The 28-year-old actor claims he spent an extraordinary seven months prepping for his sex scene on House of the Dragon during an interview with the West of Westeros podcast. In the fourth episode of the prequel, Ser Criston Colehas, played by Frankel, had a sexual encounter with Princess Rhaenyra Targaryen, played by Milly Alcock.
“It was something we talked about over seven months. It was one of the first things I was very keen to talk about,” Frankel said. “We were incredibly fortunate that episode 4 was directed by Clare Kilner, who I think is one of the great TV directors working today. The big thing for me was about it not feeling like another gratuitous, sweat-glistening-off-their-back sex scene, ‘cause it’s just not like that. Anyone who’s ever had sex will tell you sex ain’t that beautiful. It isn’t some picturesque, amazing thing.”
The British actor continued by saying that in order to make sure the scene was perfect and presented realistically, he, Alcock, and Kilner had numerous conversations with their “intimacy coordinator.”
“It’s awkward, especially when you are young,” he said about sex. “There’s an uncomfortability that one has to sit in, and there’s a discovery and understanding of each other’s bodies — not to mention the practical side of the whole thing … I just remember back and forth texts, back and forth phone calls, back and forth meetings between Clare, myself, Milly, and our intimacy coordinator. But particularly me, Clare, and Milly going, ‘How do we make this human?’”
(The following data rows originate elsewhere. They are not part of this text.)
(* For each basis structure $(L,T,U,\bar e)$ of the transformed problem whose basic solution $x$ is feasible, it holds that $x_e\notin\mathbb{N}_{\ge0}$ for all edges $e$ of the cycle $C(\bar e)$.
   Context: Problem: directed multigraph $G=(V,E)$, capacities $u_e\in\mathbb{N}_{\ge0}$, costs $c_e\in\mathbb{Z}$, usage fees $b_e\in\mathbb{N}_{\ge0}$, budget $B\in\mathbb{N}_{\ge0}$; a feasible flow is $x\in\mathbb{R}^E$ with flow conservation at every node and $0\le x\le u$; $b(x)=\sum_eb_ex_e$. The transformed problem replaces the budget $B$ by $B'=B+\tfrac12$. A basis structure is a tuple $(L,T,U,\bar e)$, $\bar e\in E$, $L,T,U$ a partition of $E\setminus\{\bar e\}$, $T$ a spanning tree of the underlying undirected graph, such that the unique cycle $C(\bar e)$ in $T\cup\{\bar e\}$ (oriented along $\bar e$, with forward edges $C^+$ and backward edges $C^-$) has $\sum_{C^+}b-\sum_{C^-}b\neq0$. Its basic solution for the transformed problem is the unique $x$ with flow conservation at every node, $x=0$ on $L$, $x=u$ on $U$, and $b(x)=B'$; it is feasible if $0\le x\le u$. *)

theory Defs
  imports Complex_Main
begin

text \<open>Parallel edges and loops are allowed.
  An undirected traversal step is a pair (e, d): d = True means e is traversed
  from tail to head (forward), d = False means from head to tail (backward).\<close>

definition step_start :: "('e \<Rightarrow> 'v) \<Rightarrow> ('e \<Rightarrow> 'v) \<Rightarrow> 'e \<times> bool \<Rightarrow> 'v" where
  "step_start tai hea s = (if snd s then tai (fst s) else hea (fst s))"

definition step_end :: "('e \<Rightarrow> 'v) \<Rightarrow> ('e \<Rightarrow> 'v) \<Rightarrow> 'e \<times> bool \<Rightarrow> 'v" where
  "step_end tai hea s = (if snd s then hea (fst s) else tai (fst s))"

definition is_cycle :: "('e \<Rightarrow> 'v) \<Rightarrow> ('e \<Rightarrow> 'v) \<Rightarrow> 'e set \<Rightarrow> ('e \<times> bool) list \<Rightarrow> bool" where
  "is_cycle tai hea F c \<longleftrightarrow>
     c \<noteq> [] \<and> set (map fst c) \<subseteq> F \<and> distinct (map fst c) \<and>
     distinct (map (step_start tai hea) c) \<and>
     (\<forall>i < length c. step_end tai hea (c ! i) = step_start tai hea (c ! ((i + 1) mod length c)))"

definition undir_rel :: "('e \<Rightarrow> 'v) \<Rightarrow> ('e \<Rightarrow> 'v) \<Rightarrow> 'e set \<Rightarrow> ('v \<times> 'v) set" where
  "undir_rel tai hea F = {(tai e, hea e) | e. e \<in> F} \<union> {(hea e, tai e) | e. e \<in> F}"

definition spanning_tree :: "'v set \<Rightarrow> 'e set \<Rightarrow> ('e \<Rightarrow> 'v) \<Rightarrow> ('e \<Rightarrow> 'v) \<Rightarrow> 'e set \<Rightarrow> bool" where
  "spanning_tree V E tai hea T \<longleftrightarrow>
     T \<subseteq> E \<and>
     (\<forall>u\<in>V. \<forall>v\<in>V. (u, v) \<in> (undir_rel tai hea T)\<^sup>*) \<and>
     \<not> (\<exists>c. is_cycle tai hea T c)"

text \<open>C(ebar) is the unique cycle in T \<union> {ebar}; it is represented by any cycle list in
  T \<union> {ebar} traversing ebar forward (unique up to rotation since T is a spanning tree).\<close>
definition fund_cycle :: "('e \<Rightarrow> 'v) \<Rightarrow> ('e \<Rightarrow> 'v) \<Rightarrow> 'e set \<Rightarrow> 'e \<Rightarrow> ('e \<times> bool) list \<Rightarrow> bool" where
  "fund_cycle tai hea T eb c \<longleftrightarrow> is_cycle tai hea (insert eb T) c \<and> (eb, True) \<in> set c"

definition cycle_fee :: "('e \<Rightarrow> nat) \<Rightarrow> ('e \<times> bool) list \<Rightarrow> int" where
  "cycle_fee b c = (\<Sum>s\<leftarrow>c. if snd s then int (b (fst s)) else - int (b (fst s)))"

definition basis_structure ::
  "'v set \<Rightarrow> 'e set \<Rightarrow> ('e \<Rightarrow> 'v) \<Rightarrow> ('e \<Rightarrow> 'v) \<Rightarrow> ('e \<Rightarrow> nat) \<Rightarrow>
   'e set \<Rightarrow> 'e set \<Rightarrow> 'e set \<Rightarrow> 'e \<Rightarrow> bool" where
  "basis_structure V E tai hea b L T U eb \<longleftrightarrow>
     eb \<in> E \<and> L \<union> T \<union> U = E - {eb} \<and>
     L \<inter> T = {} \<and> L \<inter> U = {} \<and> T \<inter> U = {} \<and>
     spanning_tree V E tai hea T \<and>
     (\<forall>c. fund_cycle tai hea T eb c \<longrightarrow> cycle_fee b c \<noteq> 0)"

definition flow_conservation :: "'v set \<Rightarrow> 'e set \<Rightarrow> ('e \<Rightarrow> 'v) \<Rightarrow> ('e \<Rightarrow> 'v) \<Rightarrow> ('e \<Rightarrow> real) \<Rightarrow> bool" where
  "flow_conservation V E tai hea x \<longleftrightarrow>
     (\<forall>v\<in>V. (\<Sum>e\<in>{e\<in>E. hea e = v}. x e) = (\<Sum>e\<in>{e\<in>E. tai e = v}. x e))"

text \<open>x is the basic solution of the basis structure (L,T,U,ebar) for the transformed
  problem with budget B' = B + 1/2 (it is unique, so "the" basic solution).\<close>
definition basic_solution ::
  "'v set \<Rightarrow> 'e set \<Rightarrow> ('e \<Rightarrow> 'v) \<Rightarrow> ('e \<Rightarrow> 'v) \<Rightarrow> ('e \<Rightarrow> nat) \<Rightarrow> ('e \<Rightarrow> nat) \<Rightarrow> nat \<Rightarrow>
   'e set \<Rightarrow> 'e set \<Rightarrow> 'e set \<Rightarrow> 'e \<Rightarrow> ('e \<Rightarrow> real) \<Rightarrow> bool" where
  "basic_solution V E tai hea u b B L T U eb x \<longleftrightarrow>
     flow_conservation V E tai hea x \<and>
     (\<forall>e\<in>L. x e = 0) \<and> (\<forall>e\<in>U. x e = real (u e)) \<and>
     (\<Sum>e\<in>E. real (b e) * x e) = real B + 1/2"

definition feasible_flow :: "'e set \<Rightarrow> ('e \<Rightarrow> nat) \<Rightarrow> ('e \<Rightarrow> real) \<Rightarrow> bool" where
  "feasible_flow E u x \<longleftrightarrow> (\<forall>e\<in>E. 0 \<le> x e \<and> x e \<le> real (u e))"

end

theory Submission
  imports Defs
begin

text \<open>Subtracting x(eb) times the signed incidence vector of the cycle C(eb) from x
  leaves a flow w that is conserved at every vertex and integral off the tree T: it vanishes
  on eb and equals 0 or u e on L and U. A conserved flow that is integral off a forest is
  integral everywhere, since its non-integral edges would form a nonempty subgraph without
  leaves and hence contain a cycle. So if x e were an integer for an edge e of C(eb), then
  so would be x(eb) = \<plusminus>(x e - w e), and the budget b(x) = b(w) + x(eb) * (b(C+) - b(C-))
  would be an integer, contradicting b(x) = B + 1/2.\<close>

definition is_path :: "('e \<Rightarrow> 'v) \<Rightarrow> ('e \<Rightarrow> 'v) \<Rightarrow> 'e set \<Rightarrow> ('e \<times> bool) list \<Rightarrow> bool" where
  "is_path tai hea F p \<longleftrightarrow> p \<noteq> [] \<and> set (map fst p) \<subseteq> F \<and> distinct (map fst p) \<and>
     distinct (map (step_start tai hea) p @ [step_end tai hea (last p)]) \<and>
     (\<forall>i. Suc i < length p \<longrightarrow> step_end tai hea (p ! i) = step_start tai hea (p ! Suc i))"

lemma step_start_end_endpoints:
  "{step_start tai hea s, step_end tai hea s} = {tai (fst s), hea (fst s)}"
  by (auto simp: step_start_def step_end_def)

lemma is_cycle_mono: "is_cycle tai hea F c \<Longrightarrow> F \<subseteq> F' \<Longrightarrow> is_cycle tai hea F' c"
  by (auto simp: is_cycle_def)

lemma loop_free_if_acyclic:
  assumes "\<nexists>c. is_cycle tai hea F c" and "e \<in> F"
  shows "tai e \<noteq> hea e"
proof
  assume "tai e = hea e"
  then have "is_cycle tai hea F [(e, True)]"
    using \<open>e \<in> F\<close> by (simp add: is_cycle_def step_start_def step_end_def)
  with assms(1) show False by blast
qed

lemma is_path_length_le_card:
  assumes "finite F" and "is_path tai hea F p"
  shows "length p \<le> card F"
  using assms by (metis card_mono distinct_card is_path_def length_map)

lemma is_path_edge_at_end:
  assumes "is_path tai hea F p" and "i < length p"
    and "step_end tai hea (last p) \<in> {tai (fst (p ! i)), hea (fst (p ! i))}"
  shows "p ! i = last p"
proof -
  let ?ss = "step_start tai hea" and ?se = "step_end tai hea"
  let ?v = "?se (last p)"
  have p: "p \<noteq> []" "distinct (map ?ss p @ [?v])"
    "\<forall>i. Suc i < length p \<longrightarrow> ?se (p ! i) = ?ss (p ! Suc i)"
    using assms(1) by (auto simp: is_path_def)
  have not_start: "?v \<noteq> ?ss (p ! k)" if "k < length p" for k
  proof -
    have "?v \<notin> set (map ?ss p)" using p(2) by simp
    then show ?thesis using that by (metis length_map nth_map nth_mem)
  qed
  have "?v = ?se (p ! i)"
    using assms(3) step_start_end_endpoints[of tai hea "p ! i"] not_start[OF assms(2)] by auto
  then have "\<not> Suc i < length p"
    using p(3) not_start by force
  then have "i = length p - 1"
    using assms(2) by simp
  then show ?thesis
    using assms(2) p(1) by (simp add: last_conv_nth)
qed

lemma is_path_snoc:
  assumes "is_path tai hea F p" and "fst s \<in> F" and "fst s \<notin> set (map fst p)"
    and "step_start tai hea s = step_end tai hea (last p)"
    and "step_end tai hea s \<notin> set (map (step_start tai hea) p)"
    and "step_end tai hea s \<noteq> step_start tai hea s"
  shows "is_path tai hea F (p @ [s])"
  unfolding is_path_def
proof (intro conjI allI impI)
  fix i assume i: "Suc i < length (p @ [s])"
  show "step_end tai hea ((p @ [s]) ! i) = step_start tai hea ((p @ [s]) ! Suc i)"
  proof (cases "Suc i < length p")
    case True
    then show ?thesis using assms(1) by (simp add: is_path_def nth_append)
  next
    case False
    with i have "i = length p - 1" by simp
    moreover have "p \<noteq> []" using assms(1) by (simp add: is_path_def)
    ultimately show ?thesis using assms(4) by (simp add: nth_append last_conv_nth)
  qed
qed (use assms in \<open>auto simp: is_path_def\<close>)

lemma is_cycle_close_path:
  assumes "is_path tai hea F p" and "fst s \<in> F" and "fst s \<notin> set (map fst p)"
    and "step_start tai hea s = step_end tai hea (last p)"
    and "j < length p" and "step_start tai hea (p ! j) = step_end tai hea s"
  shows "is_cycle tai hea F (drop j p @ [s])"
proof -
  let ?ss = "step_start tai hea" and ?se = "step_end tai hea"
  let ?c = "drop j p @ [s]"
  have p: "p \<noteq> []" "set (map fst p) \<subseteq> F" "distinct (map fst p)"
    "distinct (map ?ss p @ [?se (last p)])"
    "\<forall>i. Suc i < length p \<longrightarrow> ?se (p ! i) = ?ss (p ! Suc i)"
    using assms(1) by (auto simp: is_path_def)
  have len: "length ?c = Suc (length p - j)"
    using assms(5) by simp
  have c_nth: "?c ! k = p ! (j + k)" if "k < length p - j" for k
    using that assms(5) by (simp add: nth_append)
  have c_last: "?c ! (length p - j) = s"
    by (simp add: nth_append)
  have closed: "?se (?c ! i) = ?ss (?c ! ((i + 1) mod length ?c))" if i: "i < length ?c" for i
  proof -
    consider "Suc i < length p - j" | "Suc i = length p - j" | "i = length p - j"
      using i len by linarith
    then show ?thesis
    proof cases
      case 1
      then show ?thesis using p(5) c_nth len by simp
    next
      case 2
      then have "j + i = length p - 1" by simp
      then have "p ! (j + i) = last p" using p(1) by (simp add: last_conv_nth)
      with 2 show ?thesis using assms(4) c_nth c_last len by simp
    next
      case 3
      then show ?thesis using assms(5,6) c_nth[of 0] c_last len by simp
    qed
  qed
  have "fst s \<notin> set (map fst (drop j p))" "?ss s \<notin> set (map ?ss (drop j p))"
    using assms(3,4) p(4) by (auto simp: drop_map[symmetric] dest: in_set_dropD)
  moreover have "set (map fst (drop j p)) \<subseteq> F" 
    using p(2) set_drop_subset[of j p] by auto
  moreover have "distinct (map fst (drop j p))" "distinct (map ?ss (drop j p))"
    using p(3,4) by (simp_all add: drop_map[symmetric] distinct_drop)
  ultimately show ?thesis
    using assms(2) closed unfolding is_cycle_def by auto
qed
(* Let $S\subseteq\mathbb{R}^n\times\mathbb{R}^m$ be convex, let (CP) be bounded and fix $p\in[1,\infty]$. If $\bar S\subseteq S$ is a finite $\epsilon$-solution of (CP), then $\bar S$ is a Hausdorff-type finite $(\|Q\|\epsilon)$-solution of (MOCP), where $\|Q\|=(m^{p-1}+1)^{1/p}$ is the operator norm of $Q$ induced by the $p$-norms (equal to $m$ for $p=\infty$).
   Context: $\|\cdot\|$ is the $p$-norm, $B_\epsilon$ its closed $\epsilon$-ball. (CP): compute $Y=\{y:\exists x,(x,y)\in S\}$; bounded means $Y\subseteq B_K$ for some $K$; a nonempty finite $\bar S\subseteq S$ is a finite $\epsilon$-solution if $Y\subseteq\operatorname{conv}\operatorname{proj}_y[\bar S]+B_\epsilon$. $P(x,y)=(y,-\mathbf{1}^\top y)$, $Qy=(y,-\mathbf{1}^\top y)$, with $\mathbf{1}\in\mathbb{R}^m$ all-ones. (MOCP): minimize $P(x,y)$ w.r.t. $\le_{\mathbb{R}^{m+1}_+}$ over $(x,y)\in S$, upper image $\mathcal{P}=\operatorname{cl}(P[S]+\mathbb{R}^{m+1}_+)$. Hausdorff distance $d_H(A_1,A_2)=\max\{\sup_{a_1\in A_1}\inf_{a_2\in A_2}\|a_1-a_2\|,\sup_{a_2\in A_2}\inf_{a_1\in A_1}\|a_1-a_2\|\}$. A nonempty finite $\bar S\subseteq S$ is a Hausdorff-type finite $\epsilon$-solution of (MOCP) if $d_H(\mathcal{P},\operatorname{conv}P[\bar S]+\mathbb{R}^{m+1}_+)\le\epsilon$. *)

theory Defs
  imports "HOL-Analysis.Analysis" "HOL-Library.Extended_Real"
begin

definition lpnorm :: "ereal \<Rightarrow> 'i set \<Rightarrow> ('i \<Rightarrow> real) \<Rightarrow> real" where
  "lpnorm p I f =
     (if p = \<infinity> then (if I = {} then 0 else Max ((\<lambda>i. \<bar>f i\<bar>) ` I))
      else (\<Sum>i\<in>I. \<bar>f i\<bar> powr real_of_ereal p) powr (1 / real_of_ereal p))"

definition pnorm :: "ereal \<Rightarrow> real^'k \<Rightarrow> real" where
  "pnorm p x = lpnorm p UNIV (\<lambda>i. x $ i)"

text \<open>p-norm on R^(m+1), represented as (real^'m) \<times> real (last coordinate separate).\<close>
definition pnorm1 :: "ereal \<Rightarrow> (real^'m) \<times> real \<Rightarrow> real" where
  "pnorm1 p z = lpnorm p UNIV (\<lambda>i::'m option. case i of None \<Rightarrow> snd z | Some j \<Rightarrow> fst z $ j)"

definition pball :: "ereal \<Rightarrow> real \<Rightarrow> (real^'k) set" where
  "pball p e = {z. pnorm p z \<le> e}"

definition msum :: "'a::plus set \<Rightarrow> 'a set \<Rightarrow> 'a set" where
  "msum A B = {a + b | a b. a \<in> A \<and> b \<in> B}"

definition Yset :: "((real^'n) \<times> (real^'m)) set \<Rightarrow> (real^'m) set" where
  "Yset S = {y. \<exists>x. (x, y) \<in> S}"

definition CP_bounded :: "ereal \<Rightarrow> ((real^'n) \<times> (real^'m)) set \<Rightarrow> bool" where
  "CP_bounded p S \<longleftrightarrow> (\<exists>K. Yset S \<subseteq> pball p K)"

definition finite_eps_solution_CP ::
  "ereal \<Rightarrow> ((real^'n) \<times> (real^'m)) set \<Rightarrow> real \<Rightarrow> ((real^'n) \<times> (real^'m)) set \<Rightarrow> bool" where
  "finite_eps_solution_CP p S e Sb \<longleftrightarrow>
     Sb \<noteq> {} \<and> finite Sb \<and> Sb \<subseteq> S \<and>
     Yset S \<subseteq> msum (convex hull (snd ` Sb)) (pball p e)"

definition Pobj :: "(real^'n) \<times> (real^'m) \<Rightarrow> (real^'m) \<times> real" where
  "Pobj z = (snd z, - (\<Sum>i\<in>UNIV. snd z $ i))"

definition orthant :: "((real^'m) \<times> real) set" where
  "orthant = {z. (\<forall>i. 0 \<le> fst z $ i) \<and> 0 \<le> snd z}"

definition upper_image :: "((real^'n) \<times> (real^'m)) set \<Rightarrow> ((real^'m) \<times> real) set" where
  "upper_image S = closure (msum (Pobj ` S) orthant)"

definition hausdorff_p :: "ereal \<Rightarrow> ((real^'m) \<times> real) set \<Rightarrow> ((real^'m) \<times> real) set \<Rightarrow> ereal" where
  "hausdorff_p p A B =
     max (SUP a\<in>A. INF b\<in>B. ereal (pnorm1 p (a - b)))
         (SUP b\<in>B. INF a\<in>A. ereal (pnorm1 p (a - b)))"

definition hausdorff_eps_solution_MOCP ::
  "ereal \<Rightarrow> ((real^'n) \<times> (real^'m)) set \<Rightarrow> real \<Rightarrow> ((real^'n) \<times> (real^'m)) set \<Rightarrow> bool" where
  "hausdorff_eps_solution_MOCP p S e Sb \<longleftrightarrow>
     Sb \<noteq> {} \<and> finite Sb \<and> Sb \<subseteq> S \<and>
     hausdorff_p p (upper_image S) (msum (convex hull (Pobj ` Sb)) orthant) \<le> ereal e"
“Knights would have squires, and squires would take off their armor,” he explained. “For even a world-quality squire, you’ve got 10 minutes to get the armor off. Let’s say five, maybe at best. There’s no way Rhaenyra and Cole are gonna take that armor off in 10 seconds. So I was like, ‘Well, you have to have that in. It’s important that that’s what it is. It’s important that it’s a struggle to get the armor off.’ It’s heavy. How do we get the buckle off? How do we get the boots off? These are all the things I really cared about, ’cause they take away this sort of, to my mind, archaic sexual sex scenes that have existed for so long in television and film, and make it feel real and how it would be.”